++++ Entries provided
(* For every $n\ge1$, the $\{\mathbf{3},\mathbf{2}+\mathbf{2}\}$-free naturally labelled posets on $[n]$ are in bijection with the set $\mathcal B_n$ of bicoloured permutations $\sigma$ of $[n]$ satisfying all of the following: (i) $\sigma(1)$ is blue; (ii) there is no $i$ with $\sigma(i),\sigma(i+1)$ both blue and $\sigma(i)<\sigma(i+1)$; (iii) there is no $i$ with $\sigma(i),\sigma(i+1)$ both red and $\sigma(i)>\sigma(i+1)$; (iv) there are no $i<j$ with $\sigma(i)$ blue, $\sigma(j)$ red and $\sigma(i)>\sigma(j)$.
   Context: A partial order $\preceq$ on $[n]$ is naturally labelled if $x\prec y$ implies $x<y$. It is $\mathbf{3}$-free if there are no $x\prec y\prec z$. It is $(\mathbf{2}+\mathbf{2})$-free if there are no distinct $i\prec j$, $k\prec\ell$ with each of $i,j$ incomparable to each of $k,\ell$. A bicoloured permutation of $[n]$ is a permutation $\sigma$ of $[n]$ in which each entry is coloured either blue or red. *)

theory Defs
  imports "HOL-Combinatorics.Permutations"
begin

text \<open>A partial order on [n] = {1..n} is represented by its strict part R,
  a set of pairs (x,y) meaning x \<prec> y.\<close>

definition strict_poset_on :: "nat \<Rightarrow> (nat \<times> nat) set \<Rightarrow> bool" where
  "strict_poset_on n R \<longleftrightarrow> R \<subseteq> {1..n} \<times> {1..n} \<and> irrefl R \<and> trans R"

definition naturally_labelled :: "(nat \<times> nat) set \<Rightarrow> bool" where
  "naturally_labelled R \<longleftrightarrow> (\<forall>x y. (x, y) \<in> R \<longrightarrow> x < y)"

definition three_free :: "(nat \<times> nat) set \<Rightarrow> bool" where
  "three_free R \<longleftrightarrow> \<not> (\<exists>x y z. (x, y) \<in> R \<and> (y, z) \<in> R)"

definition incomparable :: "(nat \<times> nat) set \<Rightarrow> nat \<Rightarrow> nat \<Rightarrow> bool" where
  "incomparable R x y \<longleftrightarrow> (x, y) \<notin> R \<and> (y, x) \<notin> R"

definition two_plus_two_free :: "(nat \<times> nat) set \<Rightarrow> bool" where
  "two_plus_two_free R \<longleftrightarrow> \<not> (\<exists>i j k l. distinct [i, j, k, l] \<and> (i, j) \<in> R \<and> (k, l) \<in> R \<and>
      incomparable R i k \<and> incomparable R i l \<and> incomparable R j k \<and> incomparable R j l)"

definition free_nl_posets :: "nat \<Rightarrow> (nat \<times> nat) set set" where
  "free_nl_posets n = {R. strict_poset_on n R \<and> naturally_labelled R \<and> three_free R \<and> two_plus_two_free R}"

text \<open>A bicoloured permutation of [n] is a pair (\<sigma>, Bl): \<sigma> permutes {1..n}
  (identity outside), and Bl \<subseteq> {1..n} is the set of entries (values) coloured blue;
  the remaining entries of {1..n} are red.  \<sigma> i is the entry at position i.\<close>

definition bicoloured_perms :: "nat \<Rightarrow> ((nat \<Rightarrow> nat) \<times> nat set) set" where
  "bicoloured_perms n = {(\<sigma>, Bl). \<sigma> permutes {1..n} \<and> Bl \<subseteq> {1..n}}"

definition B_set :: "nat \<Rightarrow> ((nat \<Rightarrow> nat) \<times> nat set) set" where
  "B_set n = {(\<sigma>, Bl). (\<sigma>, Bl) \<in> bicoloured_perms n \<and>
      \<sigma> 1 \<in> Bl \<and>
      (\<forall>i. 1 \<le> i \<and> i + 1 \<le> n \<and> \<sigma> i \<in> Bl \<and> \<sigma> (i + 1) \<in> Bl \<longrightarrow> \<not> \<sigma> i < \<sigma> (i + 1)) \<and>
      (\<forall>i. 1 \<le> i \<and> i + 1 \<le> n \<and> \<sigma> i \<notin> Bl \<and> \<sigma> (i + 1) \<notin> Bl \<longrightarrow> \<not> \<sigma> i > \<sigma> (i + 1)) \<and>
      (\<forall>i j. 1 \<le> i \<and> i < j \<and> j \<le> n \<and> \<sigma> i \<in> Bl \<and> \<sigma> j \<notin> Bl \<longrightarrow> \<not> \<sigma> i > \<sigma> j)}"

end

theory Submission
  imports Defs "HOL-Library.Product_Lexorder"
begin

text \<open>Colour an element of a {3, 2+2}-free poset red if something lies below it and blue otherwise.
  By 3-freeness every relation goes from a blue to a red element, and by (2+2)-freeness the down-sets
  of the red elements form a chain. Hence the poset is recovered from a word listing the reds by
  increasing down-set, with every blue element placed right after the reds that are not above it:
  x \<prec> y holds exactly when x is blue, y is red and x comes first. Breaking ties by decreasing labels
  within blue runs and increasing labels within red runs makes this word unique, and the words so
  obtained are exactly those of \<open>B_set n\<close>. Both directions of the bijection come down to the fact
  that the words in \<open>B_set n\<close> are precisely the permutations sorting [n] by the key \<open>sort_key\<close>.\<close>

lemma strict_mono_on_atLeastAtMost_nat:
  fixes f :: "nat \<Rightarrow> 'a::order"
  assumes "\<And>i. 1 \<le> i \<Longrightarrow> Suc i \<le> n \<Longrightarrow> f i < f (Suc i)"
  shows "strict_mono_on {1..n} f"
proof (rule strict_mono_onI)
  fix i j :: nat assume "i \<in> {1..n}" "j \<in> {1..n}" "i < j"
  have "1 \<le> i \<longrightarrow> j \<le> n \<longrightarrow> f i < f j"
    using \<open>i < j\<close> by (induction i j rule: less_Suc_induct) (use assms in \<open>auto intro: less_trans\<close>)
  then show "f i < f j" using \<open>i \<in> {1..n}\<close> \<open>j \<in> {1..n}\<close> by simp
qed

lemma sorting_permutation_exists:
  fixes k :: "nat \<Rightarrow> 'a::linorder"
  assumes "inj_on k {1..n}"
  shows "\<exists>\<sigma>. \<sigma> permutes {1..n} \<and> strict_mono_on {1..n} (k \<circ> \<sigma>)"
proof -
  interpret folding_insort_key "(\<le>)" "(<)" "{1..n}" k
    by unfold_locales (rule assms)
  define xs where "xs = linorder.sorted_key_list_of_set (\<le>) k {1..n}"
  have xs: "sorted_wrt (<) (map k xs)" "set xs = {1..n}" "length xs = n"
    using sorted_key_list_of_set_unique[of "{1..n}" xs] by (simp_all add: xs_def)
  define \<sigma> where "\<sigma> i = (if i \<in> {1..n} then xs ! (i - 1) else i)" for i
  have mono: "strict_mono_on {1..n} (k \<circ> \<sigma>)"
    using xs(1,3) by (intro strict_mono_onI) (auto simp: \<sigma>_def sorted_wrt_iff_nth_less)
  have "\<sigma> ` {1..n} = (!) xs ` {..<n}"
  proof -
    have "{..<n} = (\<lambda>i. i - 1) ` {1..n}"
      by (auto simp: image_iff intro!: bexI[where x = "Suc _"])
    then show ?thesis by (auto simp: \<sigma>_def image_image)
  qed
  also have "\<dots> = {1..n}" using xs(2,3) by (auto simp: set_conv_nth)
  finally have "bij_betw \<sigma> {1..n} {1..n}"
    using strict_mono_on_imp_inj_on[OF mono] by (auto simp: bij_betw_def inj_on_imageI2)
  then have "\<sigma> permutes {1..n}" by (rule bij_imp_permutes) (auto simp: \<sigma>_def)
  with mono show ?thesis by blast
qed

lemma sorting_permutation_unique:
  fixes k :: "nat \<Rightarrow> 'a::linorder"
  assumes "inj_on k {1..n}"
    and "\<sigma> permutes {1..n}" "strict_mono_on {1..n} (k \<circ> \<sigma>)"
    and "\<tau> permutes {1..n}" "strict_mono_on {1..n} (k \<circ> \<tau>)"
  shows "\<sigma> = \<tau>"
proof
  have sorted: "sorted_wrt (<) (map (k \<circ> \<pi>) [1..<Suc n])"
    if "strict_mono_on {1..n} (k \<circ> \<pi>)" for \<pi>
  proof (rule sorted_wrt_map_mono[OF sorted_wrt_upt])
    fix x y assume "x \<in> set [1..<Suc n]" "y \<in> set [1..<Suc n]" "x < y"
    then show "(k \<circ> \<pi>) x < (k \<circ> \<pi>) y" by (intro strict_mono_onD[OF that]) auto
  qed
  have image: "set (map (k \<circ> \<pi>) [1..<Suc n]) = k ` {1..n}" if "\<pi> permutes {1..n}" for \<pi>
    unfolding set_map set_upt atLeastLessThanSuc_atLeastAtMost image_comp[symmetric]
      permutes_image[OF that] ..
  have lists: "map (k \<circ> \<sigma>) [1..<Suc n] = map (k \<circ> \<tau>) [1..<Suc n]"
    by (rule strict_sorted_equal[OF sorted[OF assms(5)] sorted[OF assms(3)]])
      (simp only: image assms(2,4))
  fix i show "\<sigma> i = \<tau> i"
  proof (cases "i \<in> {1..n}")
    case True
    have "map (k \<circ> \<pi>) [1..<Suc n] ! (i - 1) = k (\<pi> i)" for \<pi>
      using True by (subst nth_map_upt) auto
    then have "k (\<sigma> i) = k (\<tau> i)" using lists by metis
    then show ?thesis
      using inj_onD[OF assms(1)] True permutes_in_image[OF assms(2)] permutes_in_image[OF assms(4)] by blast
  next
    case False
    then show ?thesis using permutes_not_in[OF assms(2)] permutes_not_in[OF assms(4)] by simp
  qed
qed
++++++++
An answer is complete only when it holds every line above containing the string "labels".

* Answer to this problem:
  x \<prec> y holds exactly when x is blue, y is red and x comes first. Breaking ties by decreasing labels
  within blue runs and increasing labels within red runs makes this word unique, and the words so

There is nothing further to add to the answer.